• **Goal of the exercise**
Write out exactly what each line says, starting with the first line below and ending on the one with "theory Defs".

• **Supplied records**
(* Let $c_0,c_1$ be convex loops with length measures $\mu_0,\mu_1$, and suppose that for some $j\in\{0,1\}$ the loop $c_j$ is degenerate with $\mu_j=r\delta_{x_j}+r\delta_{-x_j}$ ($r>0$, $x_j\in S^1$). Let $i$ be the other index and let $\{\pm\,\mathrm{i}x_j\}$ be the two antipodal points of $S^1$ orthogonal to $x_j$. Then $\mu_0,\mu_1$ are admissible if and only if $\{\pm\,\mathrm{i}x_j\}\cap\operatorname{supp}(\mu_i)=\emptyset$.
   Context: $S^1$ is the unit circle in $\mathbb{C}$ (identified with $\mathbb{R}/2\pi\mathbb{Z}$, arc-length measure $\mathrm{d}s$, geodesic distance $\operatorname{dist}$). A convex loop is $c\in W^{1,1}(S^1,\mathbb{C})$ with $c'\neq0$ a.e. whose image is the boundary of a convex set in $\mathbb{C}$, positively oriented; its length measure is $\mu_c:=(T_c)_\#(|c'|\,\mathrm{d}s)$, $T_c=c'/|c'|$. Degenerate means $\mu_c=r\delta_x+r\delta_{-x}$ for some $r>0$, $x\in S^1$. Length measures of convex loops have vanishing first moment. $\ell(\zeta)=-\log(\cos^2\zeta)$ for $\zeta\in[0,\pi/2)$, $+\infty$ for $\zeta\ge\pi/2$. $\mu_0,\mu_1\in\mathcal{M}_+(S^1)$ are admissible if $\max\big(\sup_{x\in\operatorname{supp}\mu_0}\inf_{y\in\operatorname{supp}\mu_1}\ell(\operatorname{dist}(x,y)),\sup_{y\in\operatorname{supp}\mu_1}\inf_{x\in\operatorname{supp}\mu_0}\ell(\operatorname{dist}(x,y))\big)<\infty$. *)

theory Defs
  imports "HOL-Analysis.Analysis" "HOL-Complex_Analysis.Winding_Numbers"
begin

• **Solution for this problem**
(* Let $c_0,c_1$ be convex loops with length measures $\mu_0,\mu_1$, and suppose that for some $j\in\{0,1\}$ the loop $c_j$ is degenerate with $\mu_j=r\delta_{x_j}+r\delta_{-x_j}$ ($r>0$, $x_j\in S^1$). Let $i$ be the other index and let $\{\pm\,\mathrm{i}x_j\}$ be the two antipodal points of $S^1$ orthogonal to $x_j$. Then $\mu_0,\mu_1$ are admissible if and only if $\{\pm\,\mathrm{i}x_j\}\cap\operatorname{supp}(\mu_i)=\emptyset$.
   Context: $S^1$ is the unit circle in $\mathbb{C}$ (identified with $\mathbb{R}/2\pi\mathbb{Z}$, arc-length measure $\mathrm{d}s$, geodesic distance $\operatorname{dist}$). A convex loop is $c\in W^{1,1}(S^1,\mathbb{C})$ with $c'\neq0$ a.e. whose image is the boundary of a convex set in $\mathbb{C}$, positively oriented; its length measure is $\mu_c:=(T_c)_\#(|c'|\,\mathrm{d}s)$, $T_c=c'/|c'|$. Degenerate means $\mu_c=r\delta_x+r\delta_{-x}$ for some $r>0$, $x\in S^1$. Length measures of convex loops have vanishing first moment. $\ell(\zeta)=-\log(\cos^2\zeta)$ for $\zeta\in[0,\pi/2)$, $+\infty$ for $\zeta\ge\pi/2$. $\mu_0,\mu_1\in\mathcal{M}_+(S^1)$ are admissible if $\max\big(\sup_{x\in\operatorname{supp}\mu_0}\inf_{y\in\operatorname{supp}\mu_1}\ell(\operatorname{dist}(x,y)),\sup_{y\in\operatorname{supp}\mu_1}\inf_{x\in\operatorname{supp}\mu_0}\ell(\operatorname{dist}(x,y))\big)<\infty$. *)

theory Defs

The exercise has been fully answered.